I hope I am correct, if not I will reinforce it with the steel pieces.

Had anyone chimed in before I glued the brackets, I probably would have changed it. I Will have such a tight fight on the wall, I plan to do foam, then silicone, hopefully I wont have problems.

today I made my 2 final pieces of wall. I had to work tonight, so tomorrow I have to cut out the holes, carpet and seal then mount.
By taking the protective rubber rings off, I was BARELY (I mean 1/8" to spare total) able to fit the 3 subs in a slight V shape.

I think the output will be plenty, I wont have to take out the skipass brackets. I have 2 car seats in there at all times, so the seats wont ever be down, just ski pass open

I will definitely make sure to get either silicone or weatherstrip on the top, thanks for the tip. 12 brackets is crazy, I have 6 total, someone told me the foam adds a lot of hold is that not true? BuickGN, you have pics of the install?

Il be up early to get a headstart, I want my tunes back!


----------



## tonesmith (Sep 8, 2011)

Final Template (1.4"MDF)









Traced pattern onto 3/4" sheet









An idea I got on this forum:


















Damn Jigsaw broke, had to fix it









Final wall, fitted









Going to be a long day


----------



## BuickGN (May 29, 2009)

Looks good. You could run the baffle as is with no sealing (not that I recommend it) and have no issues. When I first installed mine I forgot to plug the 8" stock sub hole in the deck along with the two 6.5" holes. After plugging them I noticed a very small SPL increase but it was hard to tell the difference. I've heard it's more important to seal right at the baffle but I've never tested that theory.

I'm sure your thickness is fine.

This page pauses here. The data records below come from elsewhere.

(* Let $\Omega>0$ denote the maximum absolute value of the stored quantities, let $C$ be the column index of the array of executed (visited) indicators in $X\in\mathbb{R}^{K\times d}$, and let $E$ be a target column index. Then there exists a single transformer layer that simulates the termination operation $X[1,E]\leftarrow(\text{no entry of }X[2{:},C]\text{ equals }0)$, i.e. it writes $1$ into $X[1,E]$ if none of the entries $X[2,C],\dots,X[K,C]$ is zero and $0$ otherwise.
   Context: Conventions: rows/columns indexed from $1$; $X[i,j]$ is the $(i,j)$ entry; $X[2{:},j]$ denotes the entries of column $j$ in rows $2,\dots,K$. $\phi(x)=\max\{x,0\}$ entrywise. Hardmax $\sigma$: row $i$ of $\sigma(\Phi)$ is $\frac{1}{|S_i|}\sum_{k\in S_i}e_k$, $S_i=\{k:\Phi_{ik}=\max_j\Phi_{ij}\}$. Positional encoding: $p_0=(0,1)^\top$, $p_i=R_{\widehat\delta}^\top p_{i-1}$ with $R_{\widehat\delta}=\begin{bmatrix}\cos\widehat\delta&-\sin\widehat\delta\\ \sin\widehat\delta&\cos\widehat\delta\end{bmatrix}$, $\widehat\delta$ the nearest representable approximation of the minimum increment angle. For a weighted hypergraph with incident matrix $A\in\mathbb{R}^{n_v\times n_e}$ ($A_{ij}=w(e_j)$ if vertex $v_i\in e_j$, else $0$) and $K\ge\max\{n_v,n_e\}+1$, the padded incident matrix $\widetilde A\in\mathbb{R}^{K\times K}$ has $\widetilde A_{i+1,j+1}=A_{ij}$, zeros elsewhere. A transformer layer on $X\in\mathbb{R}^{K\times d}$ is $f(X,\widetilde A)=f_{\mathrm{mlp}}(f_{\mathrm{attn}}(X,\widetilde A))$, $f_{\mathrm{attn}}(X,\widetilde A)=\sum_{i\in M_A}\psi^{(i)}(X,\widetilde A)+\sum_{i\in M_{A^\top}}\psi^{(i)}(X,\widetilde A^\top)+\sum_{i\in M}\psi^{(i)}(X,I_K)+X$, $\psi(X,B)=B\,\sigma(XW_QW_K^\top X^\top)XW_V$ ($W_Q,W_K\in\mathbb{R}^{d\times2}$, $W_V\in\mathbb{R}^{d\times d}$), $f_{\mathrm{mlp}}(X)=Z^{(4)}W^{(4)}+X$, $Z^{(1)}=X$, $Z^{(j+1)}=\phi(Z^{(j)}W^{(j)})$ ($j=1,2,3$). Storage convention: scalars in the top row of a column (rest $0$), arrays of length $K-1$ in rows $2,\dots,K$ (top $0$); designated columns $B_{\mathrm{global}}$ (top $1$, rest $0$), $B_{\mathrm{local}}$ (top $0$, rest $1$), positional columns $P_1,P_2$ (array position $i$ holds $p_i^{(1)},p_i^{(2)}$), and scratchpad columns. "Simulating an operation" means the layer's weights can be chosen so that applying it to $X$ performs the stated update. *)

theory Defs
  imports "Jordan_Normal_Form.Matrix"
begin
(* Let $n>m\geq 2$ and let $\mathbf{p}=(p_1,\ldots,p_n)$ be a probability vector with $p_1\geq\cdots\geq p_n\geq 0$. Let $\overline{\mathbf{q}}$ be the probability vector obtained from $\mathbf{p}$ by performing exactly $n-m$ Huffman merging steps, with ties broken arbitrarily. Then $$\mathtt{D}(\mathbf{p},\overline{\mathbf{q}})\leq\min_{\mathbf{q}}\mathtt{D}(\mathbf{p},\mathbf{q})+\alpha,\qquad \alpha=1-\frac{1+\ln(\ln 2)}{\ln 2}<0.08608,$$ where the minimum ranges over all probability vectors $\mathbf{q}=(q_1,\ldots,q_m)$ with $m$ components.
   Context: $H$ is Shannon entropy in bits. For probability vectors $\mathbf{p}$ (of length $n$) and $\mathbf{q}$ (of length $m$), $W(\mathbf{p},\mathbf{q})$ denotes the minimum entropy of a bivariate probability distribution (an $m\times n$ nonnegative matrix) whose marginals are $\mathbf{p}$ and $\mathbf{q}$. Then $$\mathtt{D}(\mathbf{p},\mathbf{q})=2W(\mathbf{p},\mathbf{q})-H(\mathbf{p})-H(\mathbf{q}),$$ which equals $\min\{H(X\mid Y)+H(Y\mid X)\}$ over all joint distributions of $(X,Y)$ with $X\sim\mathbf{p}$ and $Y\sim\mathbf{q}$. A Huffman merging step applied to a probability vector removes two smallest entries $x,y$, inserts the entry $x+y$, and re-sorts the vector in nonincreasing order. *)

theory Defs
  imports Complex_Main
begin

definition prob_vec :: "real list \<Rightarrow> bool" where
  "prob_vec p \<longleftrightarrow> (\<forall>x\<in>set p. 0 \<le> x) \<and> sum_list p = 1"

definition ent_term :: "real \<Rightarrow> real" where
  "ent_term x = (if x = 0 then 0 else - x * log 2 x)"

definition H :: "real list \<Rightarrow> real" where
  "H p = sum_list (map ent_term p)"
lemma G_induced_cycle_of_bip_cycle:
  assumes "distinct s" and "3 \<le> length s"
    and cyclic: "\<forall>i<length s. bip_adj \<sigma> (s!i) (s!(Suc i mod length s))"
  obtains cs where "G_induced_cycle \<sigma> cs" "even (length cs)" "\<forall>c\<in>set cs. fun_edge c \<subseteq> set s"
proof -
  define n where "n = length s"
  obtain F where F: "\<forall>i<n. F i \<in> \<sigma> \<and> fun_edge (F i) = {s!i, s!(Suc i mod n)}"
    using cyclic unfolding bip_adj_def n_def by metis
  have n3: "3 \<le> n" using assms(2) n_def by simp
  have F_inj: "i = j" if "i < n" "j < n" "F i = F j" for i j
    using that F cyclic_edges_eq_iff[OF assms(1,2)] n_def by metis
  define cs where "cs = map F [0..<n]"
  have "G_adj \<sigma> (cs!i) (cs!j) \<longleftrightarrow> j = Suc i mod n \<or> i = Suc j mod n"
    if ij: "i < n" "j < n" for i j
  proof -
    have "G_adj \<sigma> (cs!i) (cs!j) \<longleftrightarrow> i \<noteq> j \<and> fun_edge (F i) \<inter> fun_edge (F j) \<noteq> {}"
      using G_adj_iff_fun_edges_meet F F_inj ij cs_def by auto
    also have "\<dots> \<longleftrightarrow> j = Suc i mod n \<or> i = Suc j mod n"
    proof -
      have "i \<noteq> j" if "j = Suc i mod n \<or> i = Suc j mod n"
        using that Suc_mod_neq_self[of n] n3 ij by fastforce
      then show ?thesis
        using cyclic_edges_meet_iff[OF assms(1)] F ij n_def by auto
    qed
    finally show ?thesis .
  qed
  moreover have "distinct cs"
    using F_inj by (auto simp: cs_def distinct_map inj_on_def)
  moreover have "set cs \<subseteq> \<sigma>" "length cs = n"
    using F by (auto simp: cs_def)
  ultimately have "G_induced_cycle \<sigma> cs"
    using n3 by (auto simp: G_induced_cycle_def)
  moreover have "even n"
    using even_length_bip_cycle[OF _ cyclic] assms(2) n_def by fastforce
  moreover have "\<forall>c\<in>set cs. fun_edge c \<subseteq> set s"
  proof -
    have "s!k \<in> set s" if "k < n" for k
      using that n_def by simp
    moreover have "Suc k mod n < n" for k
      using n3 by simp
    ultimately show ?thesis
      using F by (auto simp: cs_def)
  qed
  ultimately show thesis
    using that \<open>length cs = n\<close> by simp
qed
lemma Phi_descent_le: "m \<le> - c * norm \<beta> \<Longrightarrow> Phi m \<le> 2 * exp (- (c\<^sup>2 / 2) * (norm \<beta>)\<^sup>2)"
proof -
  assume m: "m \<le> - c * norm \<beta>"
  moreover have "0 \<le> c * norm \<beta>" using c_pos by simp
  ultimately have "Phi m \<le> 2 * exp (- m\<^sup>2 / 2)" by (intro Phi_le_exp) linarith
  with exp_descent_le[OF m] show ?thesis by linarith
qed

lemma probit_lik_le_gaussian: "probit_lik n x \<beta> \<le> 2 * exp (- (c\<^sup>2 / 2) * (norm \<beta>)\<^sup>2)"
proof -
  obtain k where "k < n" "x k \<bullet> \<beta> \<le> - c * norm \<beta>" using descent by blast
  then show ?thesis
    unfolding probit_lik_def
    using prod_le_factor[of "{..<n}" k "\<lambda>j. Phi (x j \<bullet> \<beta>)"] Phi_descent_le
    by (fastforce intro: Phi_nonneg Phi_le_1 order.trans)
qed

lemma integrable_probit_lik: "integrable lborel (probit_lik n x)"
proof (rule Bochner_Integration.integrable_bound)
  show "integrable lborel (\<lambda>\<beta>::real^'d. 2 * exp (- (c\<^sup>2 / 2) * (norm \<beta>)\<^sup>2))"
    using c_pos by (intro integrable_mult_right integrable_exp_neg_norm_square) simp
  show "AE \<beta> in lborel. norm (probit_lik n x \<beta>) \<le> norm (2 * exp (- (c\<^sup>2 / 2) * (norm \<beta>)\<^sup>2))"
    using probit_lik_le_gaussian by (intro AE_I2) (simp add: abs_of_pos probit_lik_pos)
qed measurable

No structural issues but I can feel a little vibration in my baffle when pushing the subs around xmax. There's no visible flexing and I guess you're always going to feel some kind of vibrations.

Hurry up, I really want to hear this system at the meet. It looks like I'm going to be showing up with only tweeters and subs and some awesome empty kick panels. My mids and midbasses are sold and I won't be buying the Esotars until Friday.


----------



## adamand (Apr 19, 2009)

Tonesmith - looking good! I have a '00 Accord that has just about the same trunk (ski pass, two car seats)... I'm heading towards an IB install myself but with (2) 15". 

How'd the KB weld work out? Did you have to strip any paint off or did you just glue it down as is?

Where are your amp(s) ending up? I'm considering building up the floor so I can still access the spare tire... 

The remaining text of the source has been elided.